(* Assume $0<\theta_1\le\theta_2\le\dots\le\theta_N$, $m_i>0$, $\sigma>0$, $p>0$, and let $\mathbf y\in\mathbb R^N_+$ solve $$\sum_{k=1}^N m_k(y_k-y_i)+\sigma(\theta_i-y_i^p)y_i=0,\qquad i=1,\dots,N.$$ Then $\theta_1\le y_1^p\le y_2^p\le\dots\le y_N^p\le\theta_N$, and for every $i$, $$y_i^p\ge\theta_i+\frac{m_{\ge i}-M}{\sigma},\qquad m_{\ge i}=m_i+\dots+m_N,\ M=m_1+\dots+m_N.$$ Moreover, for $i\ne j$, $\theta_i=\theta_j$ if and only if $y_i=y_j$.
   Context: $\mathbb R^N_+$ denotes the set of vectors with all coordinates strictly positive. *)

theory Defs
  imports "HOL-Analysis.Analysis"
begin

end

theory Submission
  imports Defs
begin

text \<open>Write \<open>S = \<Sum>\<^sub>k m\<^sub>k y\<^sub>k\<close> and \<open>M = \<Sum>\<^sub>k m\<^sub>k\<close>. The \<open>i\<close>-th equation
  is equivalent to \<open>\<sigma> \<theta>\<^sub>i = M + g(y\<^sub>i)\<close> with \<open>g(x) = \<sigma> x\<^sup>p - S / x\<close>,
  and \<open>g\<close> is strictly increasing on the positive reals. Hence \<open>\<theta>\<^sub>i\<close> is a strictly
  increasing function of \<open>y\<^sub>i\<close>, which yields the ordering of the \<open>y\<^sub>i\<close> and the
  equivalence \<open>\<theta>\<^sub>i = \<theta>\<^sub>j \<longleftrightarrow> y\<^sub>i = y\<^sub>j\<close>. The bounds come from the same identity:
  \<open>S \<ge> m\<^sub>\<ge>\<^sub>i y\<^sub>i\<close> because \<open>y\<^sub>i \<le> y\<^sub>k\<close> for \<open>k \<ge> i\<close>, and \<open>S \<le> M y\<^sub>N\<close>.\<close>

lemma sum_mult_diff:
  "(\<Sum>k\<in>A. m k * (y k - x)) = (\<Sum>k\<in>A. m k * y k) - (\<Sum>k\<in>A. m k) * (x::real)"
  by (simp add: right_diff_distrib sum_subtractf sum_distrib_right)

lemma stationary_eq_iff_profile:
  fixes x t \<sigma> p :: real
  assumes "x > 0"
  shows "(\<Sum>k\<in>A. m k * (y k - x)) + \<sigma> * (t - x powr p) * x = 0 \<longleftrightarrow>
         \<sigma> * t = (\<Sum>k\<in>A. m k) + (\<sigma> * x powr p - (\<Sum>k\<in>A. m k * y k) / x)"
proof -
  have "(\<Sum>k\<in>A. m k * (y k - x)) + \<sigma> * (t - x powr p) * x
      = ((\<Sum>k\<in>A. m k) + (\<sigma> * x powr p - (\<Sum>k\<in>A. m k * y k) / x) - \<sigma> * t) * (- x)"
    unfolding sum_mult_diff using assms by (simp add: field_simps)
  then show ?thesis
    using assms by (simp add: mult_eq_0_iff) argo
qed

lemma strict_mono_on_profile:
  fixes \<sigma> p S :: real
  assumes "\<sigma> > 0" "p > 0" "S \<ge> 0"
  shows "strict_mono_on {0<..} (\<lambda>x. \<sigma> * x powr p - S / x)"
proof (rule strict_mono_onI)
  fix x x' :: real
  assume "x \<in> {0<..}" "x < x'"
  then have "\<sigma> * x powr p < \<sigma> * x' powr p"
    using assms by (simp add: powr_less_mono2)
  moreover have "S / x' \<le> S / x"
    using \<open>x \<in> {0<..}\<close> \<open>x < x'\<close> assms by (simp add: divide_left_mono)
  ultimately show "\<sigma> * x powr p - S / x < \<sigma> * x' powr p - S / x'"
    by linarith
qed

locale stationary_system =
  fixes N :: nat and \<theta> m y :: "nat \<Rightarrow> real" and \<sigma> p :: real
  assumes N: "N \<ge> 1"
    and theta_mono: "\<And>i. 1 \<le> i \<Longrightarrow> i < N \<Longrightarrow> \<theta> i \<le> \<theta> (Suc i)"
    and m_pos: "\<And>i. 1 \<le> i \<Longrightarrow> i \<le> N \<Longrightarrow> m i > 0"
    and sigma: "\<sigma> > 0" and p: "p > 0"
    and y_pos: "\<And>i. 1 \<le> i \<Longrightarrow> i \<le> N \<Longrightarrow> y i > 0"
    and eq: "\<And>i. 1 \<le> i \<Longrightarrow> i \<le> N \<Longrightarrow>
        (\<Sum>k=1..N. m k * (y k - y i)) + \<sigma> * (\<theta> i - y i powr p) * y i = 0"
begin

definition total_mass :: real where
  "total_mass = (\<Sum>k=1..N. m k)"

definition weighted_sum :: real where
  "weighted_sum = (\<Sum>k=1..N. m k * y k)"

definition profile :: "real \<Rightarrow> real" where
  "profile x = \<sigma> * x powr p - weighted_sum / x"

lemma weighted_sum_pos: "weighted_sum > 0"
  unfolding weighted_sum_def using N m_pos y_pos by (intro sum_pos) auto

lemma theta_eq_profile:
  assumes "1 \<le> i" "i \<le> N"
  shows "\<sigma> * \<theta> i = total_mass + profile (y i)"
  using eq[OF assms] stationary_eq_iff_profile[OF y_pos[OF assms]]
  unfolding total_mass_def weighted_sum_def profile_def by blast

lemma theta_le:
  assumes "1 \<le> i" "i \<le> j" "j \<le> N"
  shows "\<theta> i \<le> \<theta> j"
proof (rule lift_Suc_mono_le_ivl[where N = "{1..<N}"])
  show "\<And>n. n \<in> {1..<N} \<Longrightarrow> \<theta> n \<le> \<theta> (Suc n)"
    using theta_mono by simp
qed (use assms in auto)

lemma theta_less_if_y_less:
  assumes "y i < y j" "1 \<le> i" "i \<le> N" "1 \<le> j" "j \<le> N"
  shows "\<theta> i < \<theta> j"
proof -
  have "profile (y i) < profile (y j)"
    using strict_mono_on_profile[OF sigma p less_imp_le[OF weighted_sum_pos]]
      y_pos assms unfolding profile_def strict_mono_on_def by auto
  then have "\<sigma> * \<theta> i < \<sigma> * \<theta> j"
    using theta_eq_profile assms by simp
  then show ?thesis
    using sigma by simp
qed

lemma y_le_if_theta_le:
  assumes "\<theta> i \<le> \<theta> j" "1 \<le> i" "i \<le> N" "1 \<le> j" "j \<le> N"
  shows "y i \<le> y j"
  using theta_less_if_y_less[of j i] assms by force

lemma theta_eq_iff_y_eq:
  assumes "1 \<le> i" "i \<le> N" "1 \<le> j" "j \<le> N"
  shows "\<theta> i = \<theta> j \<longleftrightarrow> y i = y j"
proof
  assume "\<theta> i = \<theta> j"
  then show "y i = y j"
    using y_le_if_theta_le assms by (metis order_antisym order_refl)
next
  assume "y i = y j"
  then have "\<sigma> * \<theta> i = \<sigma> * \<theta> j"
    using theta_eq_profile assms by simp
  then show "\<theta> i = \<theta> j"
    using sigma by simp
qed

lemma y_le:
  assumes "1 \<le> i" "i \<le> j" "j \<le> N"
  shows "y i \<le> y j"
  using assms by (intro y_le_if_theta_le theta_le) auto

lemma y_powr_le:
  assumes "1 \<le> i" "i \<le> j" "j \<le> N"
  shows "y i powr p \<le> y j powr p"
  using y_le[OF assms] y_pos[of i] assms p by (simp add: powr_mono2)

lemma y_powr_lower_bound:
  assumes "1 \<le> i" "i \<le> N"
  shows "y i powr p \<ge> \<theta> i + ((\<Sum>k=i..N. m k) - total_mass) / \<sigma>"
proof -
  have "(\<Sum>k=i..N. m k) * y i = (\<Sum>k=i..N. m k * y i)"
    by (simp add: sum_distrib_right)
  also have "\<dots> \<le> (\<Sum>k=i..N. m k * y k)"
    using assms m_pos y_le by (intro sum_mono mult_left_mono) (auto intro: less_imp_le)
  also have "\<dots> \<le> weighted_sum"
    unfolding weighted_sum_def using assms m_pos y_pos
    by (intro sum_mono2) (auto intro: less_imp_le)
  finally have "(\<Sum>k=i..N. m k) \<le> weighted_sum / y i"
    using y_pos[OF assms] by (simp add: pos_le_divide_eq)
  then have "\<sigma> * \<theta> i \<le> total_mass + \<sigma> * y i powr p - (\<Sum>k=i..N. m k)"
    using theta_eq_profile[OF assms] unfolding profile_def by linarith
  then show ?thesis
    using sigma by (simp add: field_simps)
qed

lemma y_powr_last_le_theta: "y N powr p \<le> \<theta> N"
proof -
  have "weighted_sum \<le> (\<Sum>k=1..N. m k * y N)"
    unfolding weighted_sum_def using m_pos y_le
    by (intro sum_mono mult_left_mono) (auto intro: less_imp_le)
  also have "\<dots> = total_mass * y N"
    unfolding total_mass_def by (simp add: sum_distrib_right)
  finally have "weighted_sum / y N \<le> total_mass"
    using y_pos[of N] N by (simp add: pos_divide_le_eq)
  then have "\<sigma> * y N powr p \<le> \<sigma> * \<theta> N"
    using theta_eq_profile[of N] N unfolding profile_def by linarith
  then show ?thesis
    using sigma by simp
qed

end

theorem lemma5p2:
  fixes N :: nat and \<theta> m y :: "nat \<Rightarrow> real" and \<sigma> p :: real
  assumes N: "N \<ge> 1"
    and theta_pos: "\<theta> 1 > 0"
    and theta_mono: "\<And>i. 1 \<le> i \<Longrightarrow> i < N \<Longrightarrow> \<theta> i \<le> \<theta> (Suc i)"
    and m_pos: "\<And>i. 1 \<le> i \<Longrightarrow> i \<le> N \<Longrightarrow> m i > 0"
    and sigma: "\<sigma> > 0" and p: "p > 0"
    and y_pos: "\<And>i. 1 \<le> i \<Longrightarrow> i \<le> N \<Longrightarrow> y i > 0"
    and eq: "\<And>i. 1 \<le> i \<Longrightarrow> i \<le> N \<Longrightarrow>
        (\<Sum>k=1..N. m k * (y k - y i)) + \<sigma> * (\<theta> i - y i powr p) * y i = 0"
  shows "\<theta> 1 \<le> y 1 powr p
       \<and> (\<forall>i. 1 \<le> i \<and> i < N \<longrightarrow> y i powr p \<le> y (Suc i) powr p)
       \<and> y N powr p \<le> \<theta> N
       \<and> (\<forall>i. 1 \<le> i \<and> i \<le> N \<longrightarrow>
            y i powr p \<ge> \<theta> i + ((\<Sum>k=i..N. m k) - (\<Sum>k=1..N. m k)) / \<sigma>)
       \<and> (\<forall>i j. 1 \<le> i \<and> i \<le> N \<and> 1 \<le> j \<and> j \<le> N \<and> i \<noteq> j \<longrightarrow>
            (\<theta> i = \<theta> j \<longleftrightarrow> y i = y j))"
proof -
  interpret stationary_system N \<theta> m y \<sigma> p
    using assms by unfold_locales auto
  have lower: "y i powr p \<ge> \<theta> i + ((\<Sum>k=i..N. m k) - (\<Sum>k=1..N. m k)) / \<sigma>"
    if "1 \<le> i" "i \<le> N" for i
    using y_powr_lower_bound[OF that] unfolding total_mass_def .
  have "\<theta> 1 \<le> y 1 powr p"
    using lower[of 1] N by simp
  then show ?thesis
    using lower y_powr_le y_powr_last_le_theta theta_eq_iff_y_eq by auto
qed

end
§ §
**Aim of the exercise**
The lines you need are those holding the word "definition"; copy each of them from the material above.

**Written solution**
definition total_mass :: real where
definition weighted_sum :: real where
definition profile :: "real \<Rightarrow> real" where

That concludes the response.